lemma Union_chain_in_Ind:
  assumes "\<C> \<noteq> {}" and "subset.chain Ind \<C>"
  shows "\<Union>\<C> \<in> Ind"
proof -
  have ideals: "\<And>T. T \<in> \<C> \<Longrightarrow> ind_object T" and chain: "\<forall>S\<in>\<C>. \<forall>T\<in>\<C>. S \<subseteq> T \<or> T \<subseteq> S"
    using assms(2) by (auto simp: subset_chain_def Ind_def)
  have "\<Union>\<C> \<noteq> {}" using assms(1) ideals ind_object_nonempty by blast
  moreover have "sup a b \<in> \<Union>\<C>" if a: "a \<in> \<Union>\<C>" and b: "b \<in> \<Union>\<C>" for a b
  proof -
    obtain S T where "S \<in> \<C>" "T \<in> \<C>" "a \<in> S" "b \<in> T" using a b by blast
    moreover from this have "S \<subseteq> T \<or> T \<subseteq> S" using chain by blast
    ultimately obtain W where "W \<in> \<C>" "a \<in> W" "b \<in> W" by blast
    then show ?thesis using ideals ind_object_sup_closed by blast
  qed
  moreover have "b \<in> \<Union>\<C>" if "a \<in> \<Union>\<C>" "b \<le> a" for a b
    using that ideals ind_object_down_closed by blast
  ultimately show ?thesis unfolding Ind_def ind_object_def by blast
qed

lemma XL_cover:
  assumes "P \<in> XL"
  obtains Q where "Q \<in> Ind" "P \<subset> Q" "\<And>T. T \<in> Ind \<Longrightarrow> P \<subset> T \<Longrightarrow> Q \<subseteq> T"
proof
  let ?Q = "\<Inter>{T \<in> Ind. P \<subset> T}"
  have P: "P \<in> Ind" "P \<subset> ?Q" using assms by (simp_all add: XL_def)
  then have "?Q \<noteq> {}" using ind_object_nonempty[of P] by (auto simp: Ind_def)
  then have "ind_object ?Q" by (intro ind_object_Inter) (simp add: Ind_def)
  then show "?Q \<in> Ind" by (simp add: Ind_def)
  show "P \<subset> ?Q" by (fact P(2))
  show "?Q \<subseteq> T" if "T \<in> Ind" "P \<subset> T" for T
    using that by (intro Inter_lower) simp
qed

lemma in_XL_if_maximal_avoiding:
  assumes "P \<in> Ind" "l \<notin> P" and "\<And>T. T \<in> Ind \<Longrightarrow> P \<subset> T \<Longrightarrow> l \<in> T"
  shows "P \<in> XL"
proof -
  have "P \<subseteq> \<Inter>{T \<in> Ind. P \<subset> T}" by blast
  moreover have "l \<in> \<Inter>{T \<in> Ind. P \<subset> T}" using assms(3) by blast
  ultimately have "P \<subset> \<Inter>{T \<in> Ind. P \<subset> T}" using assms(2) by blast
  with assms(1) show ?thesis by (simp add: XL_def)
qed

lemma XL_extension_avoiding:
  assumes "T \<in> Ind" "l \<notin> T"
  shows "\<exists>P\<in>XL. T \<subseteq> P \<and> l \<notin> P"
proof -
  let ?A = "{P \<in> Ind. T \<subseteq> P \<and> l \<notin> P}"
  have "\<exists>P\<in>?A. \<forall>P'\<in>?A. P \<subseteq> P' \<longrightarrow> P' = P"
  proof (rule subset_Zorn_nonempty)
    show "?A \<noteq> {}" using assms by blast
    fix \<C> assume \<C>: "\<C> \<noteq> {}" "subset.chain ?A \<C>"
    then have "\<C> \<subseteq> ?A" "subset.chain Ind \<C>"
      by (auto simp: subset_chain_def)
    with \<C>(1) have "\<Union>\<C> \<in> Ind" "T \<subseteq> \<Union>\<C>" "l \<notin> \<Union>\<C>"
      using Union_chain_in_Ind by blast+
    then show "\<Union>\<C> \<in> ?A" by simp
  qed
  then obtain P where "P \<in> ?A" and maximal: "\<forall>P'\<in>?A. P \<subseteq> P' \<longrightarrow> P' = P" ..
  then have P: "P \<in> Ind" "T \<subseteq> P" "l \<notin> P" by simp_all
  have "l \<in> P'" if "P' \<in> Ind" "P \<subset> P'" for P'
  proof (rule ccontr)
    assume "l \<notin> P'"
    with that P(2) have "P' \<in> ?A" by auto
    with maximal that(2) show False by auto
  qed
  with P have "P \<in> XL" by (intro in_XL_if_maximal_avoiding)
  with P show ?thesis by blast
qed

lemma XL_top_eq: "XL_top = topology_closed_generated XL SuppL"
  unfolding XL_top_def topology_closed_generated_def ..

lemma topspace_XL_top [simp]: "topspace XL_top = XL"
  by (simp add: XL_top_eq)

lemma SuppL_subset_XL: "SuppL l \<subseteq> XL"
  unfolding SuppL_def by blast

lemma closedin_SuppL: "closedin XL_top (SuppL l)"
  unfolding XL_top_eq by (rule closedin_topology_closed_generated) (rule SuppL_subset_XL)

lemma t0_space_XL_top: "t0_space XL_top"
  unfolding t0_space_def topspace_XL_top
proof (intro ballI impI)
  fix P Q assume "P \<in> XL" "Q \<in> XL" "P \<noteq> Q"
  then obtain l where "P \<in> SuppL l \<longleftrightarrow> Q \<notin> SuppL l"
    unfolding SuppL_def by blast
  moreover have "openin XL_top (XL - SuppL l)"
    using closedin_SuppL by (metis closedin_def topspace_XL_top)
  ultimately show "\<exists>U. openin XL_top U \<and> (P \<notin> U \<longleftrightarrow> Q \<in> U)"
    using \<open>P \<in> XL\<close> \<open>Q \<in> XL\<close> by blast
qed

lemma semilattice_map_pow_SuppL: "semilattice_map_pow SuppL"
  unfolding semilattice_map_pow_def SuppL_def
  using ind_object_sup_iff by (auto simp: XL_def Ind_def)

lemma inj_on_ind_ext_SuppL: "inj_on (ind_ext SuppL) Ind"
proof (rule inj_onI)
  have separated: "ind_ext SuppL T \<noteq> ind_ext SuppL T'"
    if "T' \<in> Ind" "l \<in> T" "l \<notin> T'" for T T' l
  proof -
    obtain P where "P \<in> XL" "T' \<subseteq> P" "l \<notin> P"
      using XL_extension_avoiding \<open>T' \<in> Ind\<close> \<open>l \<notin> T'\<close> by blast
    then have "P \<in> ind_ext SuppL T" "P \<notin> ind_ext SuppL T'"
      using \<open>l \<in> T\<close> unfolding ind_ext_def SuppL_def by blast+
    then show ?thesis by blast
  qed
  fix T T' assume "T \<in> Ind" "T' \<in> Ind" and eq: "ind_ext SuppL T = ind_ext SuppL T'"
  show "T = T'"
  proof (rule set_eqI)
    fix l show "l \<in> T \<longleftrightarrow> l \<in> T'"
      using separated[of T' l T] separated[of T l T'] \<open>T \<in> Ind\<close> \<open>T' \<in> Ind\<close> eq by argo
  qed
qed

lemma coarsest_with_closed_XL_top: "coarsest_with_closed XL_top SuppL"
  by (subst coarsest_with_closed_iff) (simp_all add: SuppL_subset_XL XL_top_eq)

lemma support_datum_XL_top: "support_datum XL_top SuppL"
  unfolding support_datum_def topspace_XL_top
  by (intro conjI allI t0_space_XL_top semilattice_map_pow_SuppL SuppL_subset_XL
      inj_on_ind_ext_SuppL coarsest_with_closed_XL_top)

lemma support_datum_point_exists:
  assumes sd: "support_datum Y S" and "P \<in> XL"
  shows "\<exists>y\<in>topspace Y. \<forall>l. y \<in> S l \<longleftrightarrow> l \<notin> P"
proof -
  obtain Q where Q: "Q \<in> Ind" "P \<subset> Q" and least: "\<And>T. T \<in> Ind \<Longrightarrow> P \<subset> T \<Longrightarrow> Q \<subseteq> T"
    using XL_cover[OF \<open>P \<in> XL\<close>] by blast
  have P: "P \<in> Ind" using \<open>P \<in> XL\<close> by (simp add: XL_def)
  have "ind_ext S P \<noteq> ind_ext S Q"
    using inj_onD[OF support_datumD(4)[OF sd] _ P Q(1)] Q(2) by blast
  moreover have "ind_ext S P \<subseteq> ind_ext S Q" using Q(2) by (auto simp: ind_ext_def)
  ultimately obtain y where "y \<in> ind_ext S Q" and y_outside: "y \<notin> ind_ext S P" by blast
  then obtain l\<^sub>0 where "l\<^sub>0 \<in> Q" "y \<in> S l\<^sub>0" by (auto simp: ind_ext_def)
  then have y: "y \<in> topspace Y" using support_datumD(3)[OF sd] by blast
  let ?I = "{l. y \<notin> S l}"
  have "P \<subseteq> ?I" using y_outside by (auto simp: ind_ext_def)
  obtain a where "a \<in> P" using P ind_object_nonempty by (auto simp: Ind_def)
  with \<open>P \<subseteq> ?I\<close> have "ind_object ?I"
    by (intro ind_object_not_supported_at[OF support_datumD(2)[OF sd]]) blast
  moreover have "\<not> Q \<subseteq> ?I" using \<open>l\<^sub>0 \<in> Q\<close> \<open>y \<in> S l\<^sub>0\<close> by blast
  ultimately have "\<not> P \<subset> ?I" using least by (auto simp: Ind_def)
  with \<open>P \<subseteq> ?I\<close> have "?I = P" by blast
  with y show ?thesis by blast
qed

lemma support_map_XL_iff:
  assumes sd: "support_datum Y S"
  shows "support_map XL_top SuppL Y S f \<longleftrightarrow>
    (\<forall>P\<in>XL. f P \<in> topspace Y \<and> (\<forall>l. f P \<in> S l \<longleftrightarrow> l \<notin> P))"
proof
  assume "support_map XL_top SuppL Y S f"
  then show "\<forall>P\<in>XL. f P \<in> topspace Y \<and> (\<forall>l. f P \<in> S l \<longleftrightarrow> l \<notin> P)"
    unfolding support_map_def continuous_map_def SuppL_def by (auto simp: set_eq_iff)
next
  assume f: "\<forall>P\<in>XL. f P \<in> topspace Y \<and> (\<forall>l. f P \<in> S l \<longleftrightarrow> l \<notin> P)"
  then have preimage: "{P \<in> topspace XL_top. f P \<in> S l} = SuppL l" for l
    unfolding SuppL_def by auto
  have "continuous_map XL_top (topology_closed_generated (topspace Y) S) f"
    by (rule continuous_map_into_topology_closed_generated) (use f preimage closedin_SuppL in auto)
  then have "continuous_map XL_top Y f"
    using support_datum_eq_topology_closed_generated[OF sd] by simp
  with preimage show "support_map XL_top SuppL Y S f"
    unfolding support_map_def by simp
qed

- WHAT YOU HAVE TO DO
If a line in the entries above contains the word "longleftrightarrow", copy it.

- COMPLETED EXERCISE
  then obtain l where "P \<in> SuppL l \<longleftrightarrow> Q \<notin> SuppL l"
  ultimately show "\<exists>U. openin XL_top U \<and> (P \<notin> U \<longleftrightarrow> Q \<in> U)"
    fix l show "l \<in> T \<longleftrightarrow> l \<in> T'"
  shows "\<exists>y\<in>topspace Y. \<forall>l. y \<in> S l \<longleftrightarrow> l \<notin> P"
  shows "support_map XL_top SuppL Y S f \<longleftrightarrow>
    (\<forall>P\<in>XL. f P \<in> topspace Y \<and> (\<forall>l. f P \<in> S l \<longleftrightarrow> l \<notin> P))"
  then show "\<forall>P\<in>XL. f P \<in> topspace Y \<and> (\<forall>l. f P \<in> S l \<longleftrightarrow> l \<notin> P)"
  assume f: "\<forall>P\<in>XL. f P \<in> topspace Y \<and> (\<forall>l. f P \<in> S l \<longleftrightarrow> l \<notin> P)"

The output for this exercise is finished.